Leave campaigner Michael Gove has refuted government claims that Brexit vote would generate a recession
Justice secretary Michael Gove has hit back at government reports which have claimed a vote to leave the EU would generate a recession.
Speaking to The Sunday Telegraph, Gove sought to dismiss warnings from the Treasury, which have also included suggestions that households could be up to £4,300 a year worse off.
“There are economic risks if we leave, economic risks if we remain. I don't think there will be a recession as a result of a vote to leave,” Gove said.
“I can't foretell the future, but I don't believe that the act of leaving the European Union would make our economic position worse, I think it would make it better.”

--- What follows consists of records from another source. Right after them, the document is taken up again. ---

lemma expected_count_atoms:
  assumes B: "finite_intensity_set B"
  shows "(\<integral>\<^sup>+\<omega>. ennreal (real (card (Xi \<omega> \<inter> B))) \<partial>P) = emeasure inv_sq_intensity B"
proof -
  define A where "A k = {\<omega>\<in>space P. card (Xi \<omega> \<inter> B) = k}" for k
  define l where "l = measure inv_sq_intensity B"
  have A: "A k \<in> sets P" for k unfolding A_def by (rule count_atoms_sets[OF B])
  have disj: "disjoint_family A" unfolding A_def disjoint_family_on_def by auto
  have "(\<integral>\<^sup>+\<omega>. ennreal (real (card (Xi \<omega> \<inter> B))) \<partial>P)
      = (\<integral>\<^sup>+\<omega>. (\<Sum>k. ennreal (real k) * indicator (A k) \<omega>) \<partial>P)"
  proof (rule nn_integral_cong)
    fix \<omega> assume "\<omega> \<in> space P"
    then have "\<omega> \<in> A (card (Xi \<omega> \<inter> B))" unfolding A_def by simp
    then show "ennreal (real (card (Xi \<omega> \<inter> B))) = (\<Sum>k. ennreal (real k) * indicator (A k) \<omega>)"
      using suminf_cmult_indicator[OF disj] by simp
  qed
  also have "\<dots> = (\<Sum>k. \<integral>\<^sup>+\<omega>. ennreal (real k) * indicator (A k) \<omega> \<partial>P)"
    by (rule nn_integral_suminf) (use A in auto)
  also have "\<dots> = (\<Sum>k. ennreal (real k) * ennreal (exp (-l) * l^k / fact k))"
    using A prob_count_atoms_eq[OF B]
    by (simp add: nn_integral_cmult_indicator emeasure_eq_measure A_def l_def)
  also have "\<dots> = (\<Sum>k. ennreal (real k * (exp (-l) * l^k / fact k)))"
    by (simp add: ennreal_mult[symmetric] l_def)
  also have "\<dots> = ennreal l" by (rule poisson_mean) (simp add: l_def)
  also have "\<dots> = emeasure inv_sq_intensity B"
    using B unfolding l_def finite_intensity_set_def
    by (simp add: emeasure_eq_ennreal_measure less_top[symmetric])
  finally show ?thesis .
qed

lemma AE_finite_atoms_above: "AE \<omega> in P. \<forall>e>0. finite {x\<in>Xi \<omega>. e \<le> x}"
proof -
  have "AE \<omega> in P. \<forall>m. finite (Xi \<omega> \<inter> {inverse (real (Suc m))..})"
    by (subst AE_all_countable) (intro allI AE_finite_atoms_in finite_intensity_set_atLeast; simp)
  then show ?thesis
  proof eventually_elim
    case (elim \<omega>)
    show ?case
    proof safe
      fix e :: real assume "e > 0"
      then obtain m where "inverse (real (Suc m)) < e" using reals_Archimedean by blast
      then have "{x\<in>Xi \<omega>. e \<le> x} \<subseteq> Xi \<omega> \<inter> {inverse (real (Suc m))..}" by auto
      with elim show "finite {x\<in>Xi \<omega>. e \<le> x}" by (blast intro: finite_subset)
    qed
  qed
qed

Read More: IMF: Brexit could spark recession and jump in unemployment
It comes days after Gove told a BBC Question Time audience that Brexit would be “win-win” for the UK's economy, and would see new trade deals generating hundreds of thousands of new jobs.
However, also writing in the Sunday Telegraph, Prime Minister David Cameron maintained that a recession would be “probable”, adding that the UK would be left “permanently poorer in every sense”.
“It is simply common sense that if we left, trade would be damaged, and investment in Britain would suffer because businesses would no longer be able to access the EU from Britain in the same way. Our economy would be smaller,” Cameron said.